(Dataset items)
== == ==

(* Let $n\in\mathbb{N}$, $1<p<q$, and $0<\omega<\omega_{p,q}$, where $$\omega_{p,q}=\frac{2(q-p)}{(p+1)(q-1)}\left[\frac{(p-1)(q+1)}{(p+1)(q-1)}\right]^{\frac{p-1}{q-p}}.$$ Let $f(u)=-\omega u+u^p-u^q$, $F(u)=\int_0^u f(s)\,ds=-\frac{\omega}{2}u^2+\frac{u^{p+1}}{p+1}-\frac{u^{q+1}}{q+1}$, and $$\Sigma(u)=2nF(u)-(n-2)uf(u)\qquad (u\ge 0).$$ Then there exist $0<B<C\le\infty$ (depending on $\omega,p,q$ and $n$) such that $\Sigma(u)<0$ for all $u\in(0,B)$ and $\Sigma(u)>0$ for all $u\in(B,C)$.
   Context: Throughout, $\omega_{p,q}$ is the threshold such that $F(u)>0$ for some $u>0$ if and only if $\omega<\omega_{p,q}$. *)

theory Defs
  imports "HOL-Analysis.Analysis"
begin

definition omega_pq :: "real \<Rightarrow> real \<Rightarrow> real" where
  "omega_pq p q = (2 * (q - p)) / ((p + 1) * (q - 1)) *
     (((p - 1) * (q + 1)) / ((p + 1) * (q - 1))) powr ((p - 1) / (q - p))"

definition f_nl :: "real \<Rightarrow> real \<Rightarrow> real \<Rightarrow> real \<Rightarrow> real" where
  "f_nl \<omega> p q u = - \<omega> * u + u powr p - u powr q"

definition F_nl :: "real \<Rightarrow> real \<Rightarrow> real \<Rightarrow> real \<Rightarrow> real" where
  "F_nl \<omega> p q u = - (\<omega> / 2) * u\<^sup>2 + u powr (p + 1) / (p + 1) - u powr (q + 1) / (q + 1)"

definition Sigma_nl :: "nat \<Rightarrow> real \<Rightarrow> real \<Rightarrow> real \<Rightarrow> real \<Rightarrow> real" where
  "Sigma_nl n \<omega> p q u = 2 * real n * F_nl \<omega> p q u - (real n - 2) * u * f_nl \<omega> p q u"

end

theory Submission
  imports Defs
begin

(*
  For u > 0 the function Sigma factors as
      Sigma(u) = u^(p+1) * phi(u),
      phi(u)   = -2 omega u^(1-p) + a_p - a_q u^(q-p),   a_s = 2n/(s+1) - (n-2),
  so Sigma and phi have the same sign on (0, oo).  Three facts about phi suffice:
    (1) phi < 0 near 0, since u^(p-1) phi(u) tends to -2 omega < 0;
    (2) phi is strictly quasiconcave on (0, oo): its derivative
        u^(-p) (2 omega (p-1) - a_q (q-p) u^(q-1)) changes sign at most once,
        from positive to negative;
    (3) phi(u0) > 0 at u0 = r^(1/(q-p)), r = (p-1)(q+1)/((p+1)(q-1)); in fact
        phi(u0) is a positive multiple of omega_pq - omega.
  A purely order-theoretic lemma then shows that a continuous, strictly
  quasiconcave function with (1) and (3) is negative on (0, B) and positive on
  (B, C), where B is the infimum and C the supremum of its positivity set.
*)

lemma strictly_quasiconcave_by_derivative:
  fixes f D :: "real \<Rightarrow> real" and a :: real
  assumes deriv: "\<And>t. a < t \<Longrightarrow> (f has_real_derivative D t) (at t)"
    and single_sign_change: "\<And>s t. a < s \<Longrightarrow> s < t \<Longrightarrow> D s \<le> 0 \<Longrightarrow> D t < 0"
    and "a < x" "x < y" "y < z"
  shows "min (f x) (f z) < f y"
proof (rule ccontr)
  assume "\<not> ?thesis"
  hence fy_x: "f y \<le> f x" and fy_z: "f y \<le> f z" by auto
  obtain s1 where s1: "x < s1" "s1 < y" "f y - f x = (y - x) * D s1"
    using MVT2[of x y f D] deriv assms(3-5) by force
  obtain s2 where s2: "y < s2" "s2 < z" "f z - f y = (z - y) * D s2"
    using MVT2[of y z f D] deriv assms(3-5) by force
  have "(y - x) * D s1 \<le> 0" using s1 fy_x by linarith
  hence "D s1 \<le> 0" using \<open>x < y\<close> by (simp add: mult_le_0_iff)
  hence "D s2 < 0"
    using single_sign_change[of s1 s2] s1 s2 \<open>a < x\<close> by linarith
  moreover have "0 \<le> (z - y) * D s2"
    using s2 fy_z by linarith
  ultimately show False
    using \<open>y < z\<close> by (simp add: zero_le_mult_iff)
qed

lemma positive_beyond:
  fixes f :: "real \<Rightarrow> real"
  assumes "isCont f u" and "0 < f u"
  shows "\<exists>v>u. 0 < f v"
proof -
  have "(f \<longlongrightarrow> f u) (at_right u)"
    using assms(1) by (simp add: isCont_def filterlim_at_split)
  hence "eventually (\<lambda>x. 0 < f x) (at_right u)"
    using assms(2) by (rule order_tendstoD(1))
  then obtain b where "u < b" and b: "\<And>x. u < x \<Longrightarrow> x < b \<Longrightarrow> 0 < f x"
    unfolding eventually_at_right_field by auto
  thus ?thesis using b[of "(u + b) / 2"] by (intro exI[of _ "(u + b) / 2"]) auto
qed

lemma sign_change_of_quasiconcave:
  fixes f :: "real \<Rightarrow> real"
  assumes cont: "\<And>u. 0 < u \<Longrightarrow> isCont f u"
    and quasiconcave: "\<And>x y z. 0 < x \<Longrightarrow> x < y \<Longrightarrow> y < z \<Longrightarrow> min (f x) (f z) < f y"
    and neg_near_0: "eventually (\<lambda>u. f u < 0) (at_right 0)"
    and "0 < u\<^sub>0" and "0 < f u\<^sub>0"
  shows "\<exists>B::real. \<exists>C::ereal. 0 < B \<and> ereal B < C \<and>
           (\<forall>u. 0 < u \<and> u < B \<longrightarrow> f u < 0) \<and> (\<forall>u. B < u \<and> ereal u < C \<longrightarrow> f u > 0)"
proof -
  define P where "P = {u. 0 < u \<and> 0 < f u}"
  define B where "B = Inf P"
  define C where "C = Sup (ereal ` P)"
  have u0_P: "u\<^sub>0 \<in> P" unfolding P_def using assms(4,5) by simp
  obtain d where "d > 0" and d: "\<And>u. 0 < u \<Longrightarrow> u < d \<Longrightarrow> f u < 0"
    using neg_near_0 by (auto simp: eventually_at_right_field)
  have P_above_d: "d \<le> x" if "x \<in> P" for x
    using that d unfolding P_def by force
  hence bdd: "bdd_below P" by (auto simp: bdd_below_def)
  have "d \<le> B" unfolding B_def using u0_P P_above_d by (intro cInf_greatest) auto
  hence "0 < B" using \<open>d > 0\<close> by simp
  have "B \<le> u\<^sub>0" unfolding B_def using u0_P bdd by (rule cInf_lower)
  text \<open>By continuity, P also contains points beyond u0, so B < C.\<close>
  obtain v where "u\<^sub>0 < v" "0 < f v"
    using positive_beyond[OF cont[OF assms(4)] assms(5)] by blast
  hence "v \<in> P" unfolding P_def using assms(4) by simp
  have "ereal B < ereal v" using \<open>B \<le> u\<^sub>0\<close> \<open>u\<^sub>0 < v\<close> by simp
  also have "\<dots> \<le> C" unfolding C_def using \<open>v \<in> P\<close> by (simp add: Sup_upper)
  finally have "ereal B < C" .
  text \<open>Below B, f is non-positive; a zero u would force points of P between u and B.\<close>
  have neg: "f u < 0" if "0 < u" "u < B" for u
  proof -
    have "u \<notin> P" using that bdd unfolding B_def by (meson cInf_lower not_le)
    hence "f u \<le> 0" using that unfolding P_def by auto
    moreover have "f u \<noteq> 0"
    proof
      assume "f u = 0"
      let ?y = "(u + B) / 2"
      have "min (f u) (f u\<^sub>0) < f ?y"
        using quasiconcave[of u ?y u\<^sub>0] that \<open>B \<le> u\<^sub>0\<close> by simp
      hence "?y \<in> P" using \<open>f u = 0\<close> assms(5) that unfolding P_def by auto
      hence "B \<le> ?y" unfolding B_def using bdd by (rule cInf_lower)
      thus False using that by simp
    qed
    ultimately show ?thesis by simp
  qed
  text \<open>Between B and C, f lies above its value at two points of P, one on each side.\<close>
  have pos: "0 < f u" if u: "B < u" "ereal u < C" for u
  proof -
    obtain z where z: "z \<in> P" "u < z" using u(2) unfolding C_def less_Sup_iff by auto
    obtain x where x: "x \<in> P" "x < u"
      using u(1) cInf_less_iff[of P u] u0_P bdd unfolding B_def by auto
    have "min (f x) (f z) < f u" using quasiconcave[of x u z] x z unfolding P_def by auto
    thus ?thesis using x z unfolding P_def by auto
  qed
  show ?thesis using \<open>0 < B\<close> \<open>ereal B < C\<close> neg pos by blast
qed

definition coeff :: "nat \<Rightarrow> real \<Rightarrow> real" where
  "coeff n s = 2 * real n / (s + 1) - (real n - 2)"

definition phi :: "nat \<Rightarrow> real \<Rightarrow> real \<Rightarrow> real \<Rightarrow> real \<Rightarrow> real" where
  "phi n \<omega> p q u = -2 * \<omega> * u powr (1 - p) + coeff n p - coeff n q * u powr (q - p)"

lemma Sigma_eq_phi:
  assumes "0 < u"
  shows "Sigma_nl n \<omega> p q u = u powr (p + 1) * phi n \<omega> p q u"
proof -
  have up: "u * u powr p = u powr (p + 1)" and uq: "u * u powr q = u powr (q + 1)"
    using assms by (simp_all add: powr_add)
  have "u powr (p + 1) * u powr (1 - p) = u\<^sup>2"
    using assms by (simp add: powr_add[symmetric])
  moreover have "u powr (p + 1) * u powr (q - p) = u powr (q + 1)"
    using powr_add[of u "p + 1" "q - p"] by (simp add: add.commute)
  ultimately have "u powr (p + 1) * phi n \<omega> p q u
      = -2 * \<omega> * u\<^sup>2 + coeff n p * (u * u powr p) - coeff n q * (u * u powr q)"
    unfolding phi_def up uq by (simp add: algebra_simps)
  also have "\<dots> = Sigma_nl n \<omega> p q u"
    unfolding Sigma_nl_def F_nl_def f_nl_def coeff_def up[symmetric] uq[symmetric]
    by (simp add: algebra_simps diff_divide_distrib add_divide_distrib power2_eq_square)
  finally show ?thesis by simp
qed

lemma phi_has_derivative:
  assumes "0 < t"
  shows "(phi n \<omega> p q has_real_derivative
           t powr (-p) * (2 * \<omega> * (p - 1) - coeff n q * (q - p) * t powr (q - 1))) (at t)"
proof -
  have "t powr (q - p - 1) = t powr (-p) * t powr (q - 1)"
    using powr_add[of t "-p" "q - 1"] by (simp add: algebra_simps)
  moreover have "(phi n \<omega> p q has_real_derivative
      -2 * \<omega> * ((1 - p) * t powr (-p)) - coeff n q * ((q - p) * t powr (q - p - 1))) (at t)"
    unfolding phi_def[abs_def] using assms
    by (auto intro!: derivative_eq_intros simp: algebra_simps)
  ultimately show ?thesis by (simp add: algebra_simps)
qed

text \<open>The bracket in the derivative is positive at 0 and, once it reaches 0, keeps
  decreasing (its slope sign is that of coeff n q, which must then be positive).\<close>

lemma phi_strictly_quasiconcave:
  assumes "1 < p" "p < q" "0 < \<omega>" "0 < x" "x < y" "y < z"
  shows "min (phi n \<omega> p q x) (phi n \<omega> p q z) < phi n \<omega> p q y"
proof (rule strictly_quasiconcave_by_derivative[OF phi_has_derivative _ assms(4-6)])
  fix s t :: real
  let ?bracket = "\<lambda>t. 2 * \<omega> * (p - 1) - coeff n q * (q - p) * t powr (q - 1)"
  assume "0 < s" "s < t" and "s powr (-p) * ?bracket s \<le> 0"
  hence bracket_s: "?bracket s \<le> 0" by (simp add: mult_le_0_iff)
  have "0 < 2 * \<omega> * (p - 1)" using assms by simp
  hence "0 < coeff n q * ((q - p) * s powr (q - 1))" using bracket_s by (simp add: mult.assoc)
  moreover have "0 < (q - p) * s powr (q - 1)" using assms \<open>0 < s\<close> by simp
  ultimately have "0 < coeff n q" by (simp add: zero_less_mult_iff)
  moreover have "(q - p) * s powr (q - 1) < (q - p) * t powr (q - 1)"
    using assms \<open>0 < s\<close> \<open>s < t\<close> by (simp add: powr_less_mono2)
  ultimately have "?bracket t < ?bracket s" by (simp add: mult.assoc)
  thus "t powr (-p) * ?bracket t < 0"
    using bracket_s \<open>0 < s\<close> \<open>s < t\<close> by (simp add: mult_pos_neg)
qed (use assms in auto)

text \<open>Near 0 the term -2 omega u^(1-p) dominates: u^(p-1) phi(u) tends to -2 omega.\<close>

lemma phi_negative_near_0:
  assumes "1 < p" "p < q" "0 < \<omega>"
  shows "eventually (\<lambda>u. phi n \<omega> p q u < 0) (at_right 0)"
proof -
  have powr_to_0: "((\<lambda>u. u powr e) \<longlongrightarrow> 0) (at_right 0)" if "0 < e" for e :: real
    using that by (intro tendsto_zero_powrI[OF tendsto_ident_at])
      (auto intro: eventually_mono[OF eventually_at_right_less])
  have "((\<lambda>u. -2 * \<omega> + coeff n p * u powr (p - 1) - coeff n q * u powr (q - 1))
          \<longlongrightarrow> -2 * \<omega> + coeff n p * 0 - coeff n q * 0) (at_right 0)"
    using assms by (intro tendsto_intros powr_to_0) auto
  hence "eventually (\<lambda>u. -2 * \<omega> + coeff n p * u powr (p - 1) - coeff n q * u powr (q - 1) < 0)
           (at_right 0)"
    by (rule order_tendstoD(2)) (use assms in simp)
  moreover have "eventually (\<lambda>u. 0 < u) (at_right (0::real))" by (rule eventually_at_right_less)
  ultimately show ?thesis
  proof eventually_elim
    case (elim u)
    have "u powr (p - 1) * phi n \<omega> p q u
        = -2 * \<omega> + coeff n p * u powr (p - 1) - coeff n q * u powr (q - 1)"
      using elim(2) unfolding phi_def by (simp add: algebra_simps powr_add[symmetric])
    hence "u powr (p - 1) * phi n \<omega> p q u < 0" using elim(1) by linarith
    moreover have "0 < u powr (p - 1)" using elim(2) by simp
    ultimately show ?case by (simp add: mult_less_0_iff)
  qed
qed

text \<open>The algebraic identity behind the threshold: with r as below,
  coeff p - coeff q * r = 4 (q - p) / ((p + 1)(q - 1)), independently of n.\<close>

lemma coeff_identity:
  assumes "1 < p" "p < q"
  shows "coeff n p - coeff n q * ((p - 1) * (q + 1) / ((p + 1) * (q - 1)))
           = 4 * (q - p) / ((p + 1) * (q - 1))"
proof -
  have "p + 1 \<noteq> 0" "q + 1 \<noteq> 0" "q - 1 \<noteq> 0" using assms by auto
  thus ?thesis unfolding coeff_def by (simp add: divide_simps) (simp add: algebra_simps)
qed

text \<open>At u0 = r^(1/(q-p)) the function phi equals 2 (omega_pq - omega) / r^((p-1)/(q-p)),
  so it is positive exactly below the threshold.\<close>

lemma phi_positive_somewhere:
  assumes "1 < p" "p < q" "\<omega> < omega_pq p q"
  shows "\<exists>u>0. 0 < phi n \<omega> p q u"
proof -
  define r where "r = (p - 1) * (q + 1) / ((p + 1) * (q - 1))"
  define X where "X = r powr ((p - 1) / (q - p))"
  define u where "u = r powr (1 / (q - p))"
  have "0 < r" unfolding r_def using assms by (simp add: zero_less_divide_iff)
  hence "0 < X" "0 < u" unfolding X_def u_def by simp_all
  have "u powr (1 - p) = inverse X"
    unfolding u_def X_def using assms
    by (simp add: powr_powr powr_minus[symmetric] minus_divide_left)
  moreover have "u powr (q - p) = r"
    unfolding u_def using assms \<open>0 < r\<close> by (simp add: powr_powr)
  moreover have "omega_pq p q = 2 * (q - p) / ((p + 1) * (q - 1)) * X"
    unfolding omega_pq_def X_def r_def by simp
  ultimately have "phi n \<omega> p q u = -2 * \<omega> / X + 4 * (q - p) / ((p + 1) * (q - 1))"
    unfolding phi_def using coeff_identity[OF assms(1,2), of n]
    by (simp add: r_def divide_inverse)
  also have "\<dots> = 2 * (omega_pq p q - \<omega>) / X"
    unfolding \<open>omega_pq p q = _\<close> using \<open>0 < X\<close> by (simp add: field_simps)
  also have "\<dots> > 0" using assms \<open>0 < X\<close> by simp
  finally show ?thesis using \<open>0 < u\<close> by blast
qed

theorem theorem1:
  fixes n :: nat and p q \<omega> :: real
  assumes "1 < p" and "p < q" and "0 < \<omega>" and "\<omega> < omega_pq p q"
  shows "\<exists>B::real. \<exists>C::ereal. 0 < B \<and> ereal B < C \<and>
           (\<forall>u. 0 < u \<and> u < B \<longrightarrow> Sigma_nl n \<omega> p q u < 0) \<and>
           (\<forall>u. B < u \<and> ereal u < C \<longrightarrow> Sigma_nl n \<omega> p q u > 0)"
proof -
  obtain u\<^sub>0 where "0 < u\<^sub>0" "0 < phi n \<omega> p q u\<^sub>0"
    using phi_positive_somewhere[OF assms(1,2,4)] by blast
  then have "\<exists>B::real. \<exists>C::ereal. 0 < B \<and> ereal B < C \<and>
      (\<forall>u. 0 < u \<and> u < B \<longrightarrow> phi n \<omega> p q u < 0) \<and>
      (\<forall>u. B < u \<and> ereal u < C \<longrightarrow> phi n \<omega> p q u > 0)"
    by (intro sign_change_of_quasiconcave phi_has_derivative[THEN DERIV_isCont]
          phi_strictly_quasiconcave[OF assms(1-3)] phi_negative_near_0[OF assms(1-3)])
  then obtain B C where "0 < B" "ereal B < C"
      and neg: "\<And>u. 0 < u \<Longrightarrow> u < B \<Longrightarrow> phi n \<omega> p q u < 0"
      and pos: "\<And>u. B < u \<Longrightarrow> ereal u < C \<Longrightarrow> 0 < phi n \<omega> p q u"
    by blast
  have "Sigma_nl n \<omega> p q u < 0" if "0 < u" "u < B" for u
    using neg[OF that] Sigma_eq_phi[OF that(1)] that(1) by (simp add: mult_pos_neg)
  moreover have "Sigma_nl n \<omega> p q u > 0" if "B < u" "ereal u < C" for u
    using pos[OF that] Sigma_eq_phi[of u] that \<open>0 < B\<close> by simp
  ultimately show ?thesis using \<open>0 < B\<close> \<open>ereal B < C\<close> by blast
qed

end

== == ==

Work instruction: If a line in the records above contains the string "thus", copy that line out.

Solution to the exercise:
  thus ?thesis using b[of "(u + b) / 2"] by (intro exI[of _ "(u + b) / 2"]) auto
      thus False using that by simp
    thus ?thesis using x z unfolding P_def by auto
  thus "t powr (-p) * ?bracket t < 0"
  thus ?thesis unfolding coeff_def by (simp add: divide_simps) (simp add: algebra_simps)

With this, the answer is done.